ArtículosPCPS3PS4Xbox One

Dark Souls: Más allá de su dificultad

Dark Souls se acaba. Nadie sabe si esto será un adiós, un hasta pronto, o qué diablos pasará, pero La Ciudad Anillada ha puesto punto y final a la trilogía que ha arrasado en los últimos tiempos.

Muchos amigos me preguntan qué le veo a Dark Souls, qué tiene para que se haya convertido en una de mis sagas favoritas, y entiendo sus dudas surgidas por su fama. Todos conocemos la saga por ser difícil, se ha convertido para muchos en un sinónimo de «true gamer» para realzar su ego, intentando así diferenciarse de otros jugadores. Absurdo, si me preguntáis, porque reducir la experiencia de la saga a su dificultad es perder lo más importante: su mundo.

El mundo de Dark Souls está lleno de mitología, pequeñas historias personales y un viaje de superación constante.

Cuando jugué por primera vez a la saga no la enfoqué de la forma adecuada, de hecho, no pasé del tutorial porque no sentí nada especial en él, me pareció un juego que inflaba su dificultad y punto. Tiempo después, cuando le di una nueva oportunidad es cuando comencé a sentir la verdadera esencia de la saga.

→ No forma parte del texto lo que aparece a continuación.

lemma D_set_subset_gambles: "D_set A \<subseteq> gambles"
  using pos_gambles_subset_gambles unfolding D_set_eq by blast

lemma D_set_antimono: "A \<subseteq> B \<Longrightarrow> D_set B \<subseteq> D_set A"
  unfolding D_set_eq by blast

lemma D_set_empty: "D_set {} = gambles"
  using pos_gambles_subset_gambles unfolding D_set_eq by (auto intro: exI[of _ 1])

lemma D_set_UNIV: "D_set UNIV = pos_gambles"
proof -
  have "f \<in> pos_gambles" if "f \<in> gambles" "c > 0" "\<forall>w. c \<le> f w" for f and c :: real
  proof -
    have "\<forall>w. 0 \<le> f w"
      using that by (meson less_imp_le order_trans)
    moreover have "f \<noteq> (\<lambda>_. 0)"
      using that by (metis not_le)
    ultimately show ?thesis
      using \<open>f \<in> gambles\<close> unfolding pos_gambles_def by blast
  qed
  then show ?thesis
    unfolding D_set_eq by blast
qed

lemma if_in_D_set: "c > 0 \<Longrightarrow> (\<lambda>w. if w \<in> A then c else d) \<in> D_set A"
  unfolding D_set_eq using gambles_if_const by auto

lemma D_set_upward_closed:
  assumes "f \<in> D_set A" "g \<in> gambles" "\<And>w. f w \<le> g w"
  shows "g \<in> D_set A"
proof (cases "f \<in> pos_gambles")
  case True
  then have "\<forall>w. 0 \<le> f w" "f \<noteq> (\<lambda>_. 0)"
    unfolding pos_gambles_def by auto
  then have "\<forall>w. 0 \<le> g w" "g \<noteq> (\<lambda>_. 0)"
    using assms(3) by (auto intro: order_trans) (meson antisym ext)
  with assms(2) show ?thesis
    unfolding D_set_eq pos_gambles_def by blast
next
  case False
  with assms show ?thesis
    unfolding D_set_eq by (blast intro: order_trans)
qed

lemma D_set_coherent:
  assumes "A \<noteq> {}"
  shows "coherent (D_set A)"
  unfolding coherent_def
proof (intro conjI ballI allI impI)
  show "D_set A \<subseteq> gambles" by (rule D_set_subset_gambles)
  show "pos_gambles \<subseteq> D_set A" unfolding D_set_eq by blast
  show "(\<lambda>_. 0) \<notin> D_set A"
    using assms unfolding D_set_eq pos_gambles_def by force
next
  fix f g assume f: "f \<in> D_set A" and g: "g \<in> D_set A"
  then have sum: "(\<lambda>w. f w + g w) \<in> gambles"
    using D_set_subset_gambles by (blast intro: gambles_add)
  consider "f \<in> pos_gambles" | "g \<in> pos_gambles"
    | c d where "c > 0" "\<forall>w\<in>A. c \<le> f w" "d > 0" "\<forall>w\<in>A. d \<le> g w"
    using f g unfolding D_set_eq by blast
  then show "(\<lambda>w. f w + g w) \<in> D_set A"
  proof cases
    case 1
    then show ?thesis
      using D_set_upward_closed[OF g sum] unfolding pos_gambles_def by auto
  next
    case 2
    then show ?thesis
      using D_set_upward_closed[OF f sum] unfolding pos_gambles_def by auto
  next
    case 3
    then have "c + d > 0" "\<forall>w\<in>A. c + d \<le> f w + g w"
      by (auto intro: add_mono)
    with sum show ?thesis
      unfolding D_set_eq by blast
  qed
next
  fix f and k :: real assume f: "f \<in> D_set A" and k: "k > 0"
  then have scaled: "(\<lambda>w. k * f w) \<in> gambles"
    using D_set_subset_gambles by (blast intro: gambles_scale)
  from f consider "f \<in> pos_gambles" | c where "c > 0" "\<forall>w\<in>A. c \<le> f w"
    unfolding D_set_eq by blast
  then show "(\<lambda>w. k * f w) \<in> D_set A"
  proof cases
    case 1
    then show ?thesis
      using pos_gambles_scale k unfolding D_set_eq by blast
  next
    case 2
    then have "k * c > 0" "\<forall>w\<in>A. k * c \<le> k * f w"
      using k by simp_all
    with scaled show ?thesis
      unfolding D_set_eq by blast
  qed
qed

lemma D_set_in_Phi: "D_set A \<in> Phi"
  using D_set_coherent[of A] D_set_empty unfolding Phi_def by (cases "A = {}") auto

lemma closure_C_least: "K \<subseteq> D \<Longrightarrow> D \<in> Phi \<Longrightarrow> closure_C K \<subseteq> D"
  unfolding closure_C_def by auto

lemma closure_C_upper: "K \<subseteq> closure_C K"
  unfolding closure_C_def by auto

lemma pos_gambles_subset_Phi: "D \<in> Phi \<Longrightarrow> pos_gambles \<subseteq> D"
  using pos_gambles_subset_gambles unfolding Phi_def coherent_def by blast

lemma Phi_subset_gambles: "D \<in> Phi \<Longrightarrow> D \<subseteq> gambles"
  unfolding Phi_def coherent_def by blast

lemma Phi_add:
  assumes "D \<in> Phi" "f \<in> D" "g \<in> D"
  shows "(\<lambda>w. f w + g w) \<in> D"
  using assms gambles_add unfolding Phi_def coherent_def by blast

lemma Phi_upward_closed:
  assumes "D \<in> Phi" "f \<in> D" "g \<in> gambles" "\<And>w. f w \<le> g w"
  shows "g \<in> D"
proof (cases "(\<lambda>w. g w - f w) = (\<lambda>_. 0)")
  case True
  then have "g = f" by (simp add: fun_eq_iff)
  with assms(2) show ?thesis by simp
next
  case False
  have "f \<in> gambles"
    using assms(1,2) Phi_subset_gambles by blast
  with False assms(3,4) have "(\<lambda>w. g w - f w) \<in> pos_gambles"
    unfolding pos_gambles_def by (simp add: gambles_diff)
  then have "(\<lambda>w. f w + (g w - f w)) \<in> D"
    using assms(1,2) pos_gambles_subset_Phi Phi_add by blast
  then show ?thesis by simp
qed

lemma closure_C_upward_closed:
  assumes "f \<in> closure_C K" "g \<in> gambles" "\<And>w. f w \<le> g w"
  shows "g \<in> closure_C K"
  using assms Phi_upward_closed unfolding closure_C_def by blast

lemma closure_C_add:
  "f \<in> closure_C K \<Longrightarrow> g \<in> closure_C K \<Longrightarrow> (\<lambda>w. f w + g w) \<in> closure_C K"
  unfolding closure_C_def using Phi_add by blast

lemma pos_gambles_subset_closure_C: "pos_gambles \<subseteq> closure_C K"
  unfolding closure_C_def using pos_gambles_subset_Phi by blast

lemma D_set_subset_closure_C:
  assumes "\<And>c d. c > 0 \<Longrightarrow> (\<lambda>w. if w \<in> A then c else d) \<in> closure_C K"
  shows "D_set A \<subseteq> closure_C K"
proof
  fix f assume "f \<in> D_set A"
  then consider "f \<in> pos_gambles" | c where "f \<in> gambles" "c > 0" "\<forall>w\<in>A. c \<le> f w"
    unfolding D_set_eq by blast
  then show "f \<in> closure_C K"
  proof cases
    case 1
    then show ?thesis using pos_gambles_subset_closure_C by blast
  next
    case 2
    then obtain B where B: "\<And>w. \<bar>f w\<bar> \<le> B"
      by (meson gamblesE)
    have below: "(if w \<in> A then c else - B) \<le> f w" for w
      using 2 B[of w] by auto
    show ?thesis
      using closure_C_upward_closed[OF assms[OF \<open>c > 0\<close>] \<open>f \<in> gambles\<close> below] .
  qed
qed
lemma minimax_bid_root:
  assumes "l \<le> v" "v \<le> V"
  shows "l \<le> minimax_bid l V m \<mu> v \<and> minimax_bid l V m \<mu> v \<le> v \<and> regret_gap l \<mu> u m v (minimax_bid l V m \<mu> v) = 0"
  unfolding minimax_bid_def
proof (rule interval_root_is_root)
  show "continuous_on {l..v} (regret_gap l \<mu> u m v)"
    using assms by (intro continuous_on_subset[OF continuous_on_regret_gap]) auto
  show "regret_gap l \<mu> u m v l \<le> 0"
    unfolding regret_gap_def using underbid_regret_at_lower_nonneg[OF assms(1)] by simp
  show "0 \<le> regret_gap l \<mu> u m v v"
    unfolding regret_gap_def using overbid_regret_nonneg[OF assms(1)] underbid_regret_at_value[of v] by simp
qed (use assms regret_gap_strict_mono in auto)

lemma minimax_bid_balances:
  "l \<le> v \<Longrightarrow> v \<le> V \<Longrightarrow>
    overbid_regret l \<mu> u m (minimax_bid l V m \<mu> v) = underbid_regret l \<mu> u m v (minimax_bid l V m \<mu> v)"
  using minimax_bid_root unfolding regret_gap_def by force

lemma minimax_bid_strict_mono:
  assumes "l \<le> v1" "v1 < v2" "v2 \<le> V"
  shows "minimax_bid l V m \<mu> v1 < minimax_bid l V m \<mu> v2"
proof (rule ccontr)
  let ?c1 = "minimax_bid l V m \<mu> v1" and ?c2 = "minimax_bid l V m \<mu> v2"
  assume "\<not> ?c1 < ?c2"
  have c1: "l \<le> ?c1" "?c1 \<le> v1" "regret_gap l \<mu> u m v1 ?c1 = 0" using minimax_bid_root[of v1] assms by auto
  have c2: "l \<le> ?c2" "?c2 \<le> v2" "regret_gap l \<mu> u m v2 ?c2 = 0" using minimax_bid_root[of v2] assms by auto
  have "regret_gap l \<mu> u m v2 ?c1 < regret_gap l \<mu> u m v1 ?c1"
    unfolding regret_gap_def using underbid_regret_strict_mono_value[OF assms(2) c1(1)] by simp
  moreover have "regret_gap l \<mu> u m v2 ?c2 \<le> regret_gap l \<mu> u m v2 ?c1"
    using \<open>\<not> ?c1 < ?c2\<close> regret_gap_strict_mono[of ?c2 ?c1 v2] c1 c2 assms by (cases "?c2 = ?c1") auto
  ultimately show False using c1 c2 by simp
qed

lemma minimax_bid_mono: "l \<le> v1 \<Longrightarrow> v1 \<le> v2 \<Longrightarrow> v2 \<le> V \<Longrightarrow> minimax_bid l V m \<mu> v1 \<le> minimax_bid l V m \<mu> v2"
  using minimax_bid_strict_mono[of v1 v2] by (cases "v1 = v2") auto

lemma minimax_bid_at_lower: "minimax_bid l V m \<mu> l = l"
  using minimax_bid_root[of l] lower_less_mean mean_less_top by auto

lemma minimax_bid_at_top: "minimax_bid l V m \<mu> V = u"
  unfolding minimax_bid_def
proof (rule interval_root_eqI)
  have "underbid_regret l \<mu> u m V u = underbid_regret_high l \<mu> m V u"
    using underbid_regret_eq_high[of u V] underbid_regret_high_above_mean[of u V] mean_less_u u_less_top
    by simp
  then show "regret_gap l \<mu> u m V u = 0"
    using overbid_regret_at_upper top_bid_gap_u unfolding regret_gap_def top_bid_gap_def by simp
qed (use regret_gap_strict_mono mean_less_u u_less_top lower_less_mean in auto)

lemma minimax_bid_le_u: "l \<le> v \<Longrightarrow> v \<le> V \<Longrightarrow> minimax_bid l V m \<mu> v \<le> u"
  using minimax_bid_mono[of v V] minimax_bid_at_top lower_less_mean mean_less_top by simp

end

lemma continuous_on_minimax_bid:
  assumes "0 \<le> l" "l < \<mu>1" "\<mu>2 < V" "0 < m" "l \<le> v" "v \<le> V"
  shows "continuous_on {\<mu>1..\<mu>2} (\<lambda>\<mu>. minimax_bid l V m \<mu> v)"
  unfolding minimax_bid_def
proof (rule continuous_on_root[where h="\<lambda>b \<mu>. regret_gap l \<mu> (top_bid l V m \<mu>) m v b" and xa=l and xb=v])
  have U: "continuous_on {\<mu>1..\<mu>2} (top_bid l V m)" by (rule continuous_on_top_bid) (use assms in auto)
  have MU: "\<And>\<mu>. \<mu> \<in> {\<mu>1..\<mu>2} \<Longrightarrow> l < \<mu> \<and> \<mu> < top_bid l V m \<mu>"
    using top_bid_spec assms by force
  have "continuous_on ({l..V} \<times> {\<mu>1..\<mu>2}) (\<lambda>z. regret_gap l (snd z) (top_bid l V m (snd z)) m v (fst z))"
    unfolding regret_gap_def
    using continuous_on_overbid_regret_joint[OF _ U MU] continuous_on_underbid_regret_joint[OF _ U MU]
    by (intro continuous_intros) auto
  then show "continuous_on ({l..v} \<times> {\<mu>1..\<mu>2}) (\<lambda>z. regret_gap l (snd z) (top_bid l V m (snd z)) m v (fst z))"
    by (rule continuous_on_subset) (use assms in auto)
next
  fix \<mu> x y assume "\<mu> \<in> {\<mu>1..\<mu>2}" "l \<le> x" "x < y" "y \<le> v"
  then show "regret_gap l \<mu> (top_bid l V m \<mu>) m v x < regret_gap l \<mu> (top_bid l V m \<mu>) m v y"
    using minimax_bidding.regret_gap_strict_mono[of l V m \<mu> x y v] assms by (auto simp: minimax_bidding_def)
next
  fix \<mu> assume "\<mu> \<in> {\<mu>1..\<mu>2}"
  then show "l \<le> interval_root l v (regret_gap l \<mu> (top_bid l V m \<mu>) m v) \<and>
      interval_root l v (regret_gap l \<mu> (top_bid l V m \<mu>) m v) \<le> v \<and>
      regret_gap l \<mu> (top_bid l V m \<mu>) m v (interval_root l v (regret_gap l \<mu> (top_bid l V m \<mu>) m v)) = 0"
    using minimax_bidding.minimax_bid_root[of l V m \<mu> v] assms
    unfolding minimax_bid_def by (auto simp: minimax_bidding_def)
qed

Es algo que conocemos los que ahondamos en él, los que dedicamos horas a buscar los fragmentos de historia y nos interesamos por sus personaje secundarios, que son pocos pero valiosos. Dark Souls es un juego sobre la superación, la empresa personal de alguien desesperado que lucha con todas sus fuerzas para conseguir dar un sentido a su vida.

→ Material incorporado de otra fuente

lemma wall_pieces_in_one_component:
  obtains C where "C \<in> components (face_pts stack u)" "\<And>t. t \<in> {1..k} \<Longrightarrow> wall_piece t \<subseteq> C"
proof -
  have one: "1 \<in> {1..k}" using nonempty by simp
  obtain x0 where x0: "x0 \<in> wall_piece 1"
  proof
    show "wall_pt ((\<alpha> 1 + \<beta> 1) / 2, (z 0 + z 1) / 2) \<in> wall_piece 1"
      using bricks[OF one] heights[of 0] nonempty unfolding wall_piece_def by (intro imageI) auto
  qed
  define C where "C = connected_component_set (face_pts stack u) x0"
  have C: "C \<in> components (face_pts stack u)"
    using x0 wall_piece_face_pts[OF one] unfolding C_def by (auto intro: componentsI)
  have x0_C: "x0 \<in> C"
    using x0 wall_piece_face_pts[OF one] by (auto simp: C_def connected_component_refl)
  have "wall_piece t \<subseteq> C" if "1 \<le> t" "t \<le> k" for t
    using that
  proof (induction t rule: dec_induct)
    case base
    show ?case
      using components_maximal[OF C connected_wall_piece wall_piece_face_pts[OF one]] x0 x0_C
      by blast
  next
    case (step n)
    then have n: "n \<in> {1..<k}" by simp
    have "wall_joint n \<subseteq> C"
      using components_maximal[OF C connected_wall_joint wall_joint_face_pts[OF n]]
        step.IH wall_joint_meets_pieces(1)[OF n] n by auto
    moreover have "Suc n \<in> {1..k}" using n by simp
    ultimately show ?case
      using components_maximal[OF C connected_wall_piece wall_piece_face_pts]
        wall_joint_meets_pieces(2)[OF n] by blast
  qed
  then show ?thesis using that C by auto
qed

lemma wbrick_visible_from_wall:
  assumes t: "t \<in> {1..k}" and p: "p \<in> wbrick t"
  shows "\<exists>g\<in>closure (wall_piece t). closed_segment g p \<subseteq> wbrick t"
proof
  define g where "g = wall_pt (p \<bullet> v, p \<bullet> e)"
  have "z (t - 1) < z t" using heights[of "t - 1"] t by auto
  then have "(p \<bullet> v, p \<bullet> e) \<in> closure ({\<alpha> t<..<\<beta> t} \<times> {z (t - 1)<..<z t})"
    using p bricks[OF t] by (simp add: closure_Times wbrick_def)
  then show "g \<in> closure (wall_piece t)"
    using continuous_image_closure_subset[OF continuous_on_wall_pt]
    unfolding g_def wall_piece_def by blast
  show "closed_segment g p \<subseteq> wbrick t"
  proof
    fix y assume "y \<in> closed_segment g p"
    then obtain l where l: "0 \<le> l" "l \<le> 1" and y: "y = (1 - l) *\<^sub>R g + l *\<^sub>R p"
      by (auto simp: closed_segment_def)
    have "y = p + ((1 - l) * (h - p \<bullet> u)) *\<^sub>R u"
      unfolding y g_def wall_pt_def by (subst (3 4) span) (simp add: algebra_simps)
    then have "y \<bullet> v = p \<bullet> v" "y \<bullet> e = p \<bullet> e" "y \<bullet> u = p \<bullet> u + (1 - l) * (h - p \<bullet> u)"
      using orth orth_commute by (simp_all add: inner_add_left)
    moreover have "0 \<le> (1 - l) * (h - p \<bullet> u)" "(1 - l) * (h - p \<bullet> u) \<le> h - p \<bullet> u"
      using l p by (simp_all add: wbrick_def mult_left_le_one_le)
    ultimately show "y \<in> wbrick t" using p by (auto simp: wbrick_def)
  qed
qed

theorem stack_guarded_by_wall: "\<exists>C\<in>components (face_pts stack u). guards stack (closure C)"
proof -
  obtain C where C: "C \<in> components (face_pts stack u)"
    and pieces: "\<And>t. t \<in> {1..k} \<Longrightarrow> wall_piece t \<subseteq> C"
    using wall_pieces_in_one_component by blast
  have "guards stack (closure C)" unfolding guards_def visible_def
  proof
    fix p assume "p \<in> stack"
    then obtain t where t: "t \<in> {1..k}" and p: "p \<in> wbrick t" by (auto simp: stack_def)
    then obtain g where "g \<in> closure (wall_piece t)" "closed_segment g p \<subseteq> wbrick t"
      using wbrick_visible_from_wall by blast
    moreover have "closure (wall_piece t) \<subseteq> closure C" using pieces[OF t] by (rule closure_mono)
    moreover have "wbrick t \<subseteq> stack" using t by (auto simp: stack_def)
    ultimately show "\<exists>g\<in>closure C. closed_segment g p \<subseteq> stack" by blast
  qed
  then show ?thesis using C by blast
qed

end

lemma orthostack_guarded_by_fixed_side:
  fixes R :: "nat \<Rightarrow> rect" and z :: "nat \<Rightarrow> real"
  assumes valid: "valid_orthostack k R z" and "1 \<le> k"
    and canonical: "\<forall>t\<in>{1..<k}. canonical_contact (R t) (R (Suc t))"
    and "i < 4" and fixed: "\<forall>t\<in>{1..k}. rcoord (R t) i = rcoord (R 1) i"
  shows "\<exists>F. vertical_closed_face (orthostack k R z) F \<and> guards (orthostack k R z) F"
proof -
  define P where "P = orthostack k R z"
  define a where "a t = fst (R t)" for t
  define b where "b t = fst (snd (R t))" for t
  define c where "c t = fst (snd (snd (R t)))" for t
  define d where "d t = snd (snd (snd (R t)))" for t
  have R: "R t = (a t, b t, c t, d t)" for t by (simp add: a_def b_def c_def d_def)
  have ok: "a t < b t" "c t < d t" if "t \<in> {1..k}" for t
    using valid that by (simp_all add: valid_orthostack_def rect_ok_def R)
  have heights: "\<And>t. t < k \<Longrightarrow> z t < z (Suc t)" using valid by (simp add: valid_orthostack_def)
  have overlap: "max (a t) (a (Suc t)) < min (b t) (b (Suc t))"
    "max (c t) (c (Suc t)) < min (d t) (d (Suc t))" if t: "t \<in> {1..<k}" for t
  proof -
    have "rect_ok (R t)" "rect_ok (R (Suc t))" using valid t by (auto simp: valid_orthostack_def)
    then show "max (a t) (a (Suc t)) < min (b t) (b (Suc t))"
      "max (c t) (c (Suc t)) < min (d t) (d (Suc t))"
      using canonical_contact_overlap canonical t unfolding R by blast+
  qed
  have P: "P = (\<Union>t\<in>{1..k}. {(x, y, w). a t \<le> x \<and> x \<le> b t \<and> c t \<le> y \<and> y \<le> d t
                                     \<and> z (t - 1) \<le> w \<and> w \<le> z t})"
    unfolding P_def orthostack_def brick_def rset_def R by (simp add: mem_cbox_pair)
  have guarded: "\<exists>F. vertical_closed_face P F \<and> guards P F"
    if "\<exists>C\<in>components (face_pts P u). guards P (closure C)" "u \<in> horizontal_dirs" for u
    using that by (auto simp: vertical_closed_face_def closed_face_def horizontal_dirs_def axis_dirs_def)
  consider "i = 0" | "i = 1" | "i = 2" | "i = 3" using \<open>i < 4\<close> by linarith
  then have "\<exists>F. vertical_closed_face P F \<and> guards P F"
  proof cases
    case 1
    then have "a t = a 1" if "t \<in> {1..k}" for t
      using fixed[rule_format, OF that] by (simp add: rcoord_def R)
    then obtain h0 where side: "\<And>t. t \<in> {1..k} \<Longrightarrow> a t = h0" by blast
    interpret W: wall_stack "(-1,0,0)" "(0,1,0)" "(0,0,1)" k c d "\<lambda>t. - b t" z "- h0"
      by unfold_locales (use ok heights overlap side \<open>1 \<le> k\<close> in \<open>auto simp: max_def min_def\<close>)
    have "P = W.stack"
      unfolding P W.stack_def W.wbrick_def by (rule SUP_cong[OF refl]) (auto simp: side)
    then have "\<exists>C\<in>components (face_pts P (-1,0,0)). guards P (closure C)"
      using W.stack_guarded_by_wall by simp
    then show ?thesis by (rule guarded) (simp add: horizontal_dirs_def)
  next
    case 2
    then have "b t = b 1" if "t \<in> {1..k}" for t
      using fixed[rule_format, OF that] by (simp add: rcoord_def R)
    then obtain h0 where side: "\<And>t. t \<in> {1..k} \<Longrightarrow> b t = h0" by blast
    interpret W: wall_stack "(1,0,0)" "(0,1,0)" "(0,0,1)" k c d a z h0
      by unfold_locales (use ok heights overlap side \<open>1 \<le> k\<close> in \<open>auto simp: max_def min_def\<close>)
    have "P = W.stack"
      unfolding P W.stack_def W.wbrick_def by (rule SUP_cong[OF refl]) (auto simp: side)
    then have "\<exists>C\<in>components (face_pts P (1,0,0)). guards P (closure C)"
      using W.stack_guarded_by_wall by simp
    then show ?thesis by (rule guarded) (simp add: horizontal_dirs_def)
  next
    case 3
    then have "c t = c 1" if "t \<in> {1..k}" for t
      using fixed[rule_format, OF that] by (simp add: rcoord_def R)
    then obtain h0 where side: "\<And>t. t \<in> {1..k} \<Longrightarrow> c t = h0" by blast
    interpret W: wall_stack "(0,-1,0)" "(1,0,0)" "(0,0,1)" k a b "\<lambda>t. - d t" z "- h0"
      by unfold_locales (use ok heights overlap side \<open>1 \<le> k\<close> in \<open>auto simp: max_def min_def\<close>)
    have "P = W.stack"
      unfolding P W.stack_def W.wbrick_def by (rule SUP_cong[OF refl]) (auto simp: side)
    then have "\<exists>C\<in>components (face_pts P (0,-1,0)). guards P (closure C)"
      using W.stack_guarded_by_wall by simp
    then show ?thesis by (rule guarded) (simp add: horizontal_dirs_def)
  next
    case 4
    then have "d t = d 1" if "t \<in> {1..k}" for t
      using fixed[rule_format, OF that] by (simp add: rcoord_def R)
    then obtain h0 where side: "\<And>t. t \<in> {1..k} \<Longrightarrow> d t = h0" by blast
    interpret W: wall_stack "(0,1,0)" "(1,0,0)" "(0,0,1)" k a b c z h0
      by unfold_locales (use ok heights overlap side \<open>1 \<le> k\<close> in \<open>auto simp: max_def min_def\<close>)
    have "P = W.stack"
      unfolding P W.stack_def W.wbrick_def by (rule SUP_cong[OF refl]) (auto simp: side)
    then have "\<exists>C\<in>components (face_pts P (0,1,0)). guards P (closure C)"
      using W.stack_guarded_by_wall by simp
    then show ?thesis by (rule guarded) (simp add: horizontal_dirs_def)
  qed
  then show ?thesis by (simp add: P_def)
qed

theorem orthostack_type_one_guarded:
  fixes R :: "nat \<Rightarrow> rect" and z :: "nat \<Rightarrow> real"
  assumes valid: "valid_orthostack k R z" and "1 \<le> k" "k \<le> 4"
    and contacts: "\<forall>t\<in>{1..<k}. canonical_contact (R t) (R (Suc t)) \<and> contact_type (R t) (R (Suc t)) = 1"
  shows "\<exists>F. vertical_closed_face (orthostack k R z) F \<and> guards (orthostack k R z) F"
proof -
  have "\<forall>t\<in>{1..<k}. card (moved_sides (R t) (R (Suc t))) \<le> 1"
  proof
    fix t assume t: "t \<in> {1..<k}"
    show "card (moved_sides (R t) (R (Suc t))) \<le> 1"
    proof (rule canonical_contact_moves_one_side)
      show "rect_ok (R t)" "rect_ok (R (Suc t))"
        using valid t by (auto simp: valid_orthostack_def)
    qed (use contacts t in auto)
  qed
  then obtain i where i: "i < 4" and fixed: "\<forall>t\<in>{1..k}. rcoord (R t) i = rcoord (R 1) i"
    by (rule side_fixed_by_few_moves[OF \<open>k \<le> 4\<close>])
  show ?thesis
  proof (rule orthostack_guarded_by_fixed_side[OF valid \<open>1 \<le> k\<close> _ i fixed])
    show "\<forall>t\<in>{1..<k}. canonical_contact (R t) (R (Suc t))" using contacts by blast
  qed
qed

theorem mainTheorem11:
  fixes R :: "nat \<Rightarrow> rect" and z :: "nat \<Rightarrow> real"
  assumes "valid_orthostack 4 R z"
    and "\<forall>t\<in>{1..3}. canonical_contact (R t) (R (Suc t)) \<and> contact_type (R t) (R (Suc t)) = 1"
  shows "\<exists>F. vertical_closed_face (orthostack 4 R z) F \<and> guards (orthostack 4 R z) F"
proof (rule orthostack_type_one_guarded[OF assms(1)])
  have "{1..<4} = {1..3::nat}" by auto
  then show "\<forall>t\<in>{1..<4}. canonical_contact (R t) (R (Suc t)) \<and> contact_type (R t) (R (Suc t)) = 1"
    using assms(2) by (simp only:)
qed simp_all

end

Lordran, Drangleic o Lothric, todos son reinos desolados sin una pizca de cordura, donde apenas quedan las ascuas de una civilización. El silencio y la soledad son nuestra compañía a cada paso, amenazado siempre por la presencia de las bestias que se interponen en nuestro camino, y en toda esa locura, están ellos.

Cada NPC tiene su propia historia que debemos buscar por nosotros mismos. Algunas con terribles consecuencias.

Dark Souls maneja magistralmente los momentos de sus secundarios, sin obligarnos a través de una cinemática a sentir lástima, admiración u odio por ellos, lo hace en pleno juego, dejándonos a nosotros mismos estrechar los lazos y preocuparnos por el elenco de NPC. Muchos de ellos acaban muriendo en pleno silencio, sin alardes, sin dramatizaciones, y eso solo hace que su pérdida sea más dolorosa.

Un ejemplo de ello es la muerte de Siegmeyer en el primer Dark Souls, el bonachón del caballero cebolla al que debemos salvar la vida una y otra vez, ganando tal confianza gracias a nosotros que se lanzará contra nuestros enemigos para darnos una oportunidad de huir. Si luchamos junto a él y sobrevive, más adelante encontramos su cuerpo desplomado y a su hija frente a él. Siegmeyer sucumbió finalmente a la maldición de los huecos, y su propia hija le dio muerte para que descansase en paz.

Y no solo los secundarios gozan de un auténtico carisma, sino sus jefes, siendo algunas de las peleas más tristes que he jugado. Cuando avanzas por el bosque, encontrándote la tumba de Sir Artorias, el caminante del abismo, con el cadáver de Ciaran velándola hasta morir, y sobre ella el Gran Lobo Gris Sif, guardián de la tumba de su amo, blandiendo la espada de que un día fue la única persona que le importaba.

Sus jefes son, por lo general, memorables y con un transfondo denso. Como nuestro protagonista, solo son seres que están al borde de la desolación.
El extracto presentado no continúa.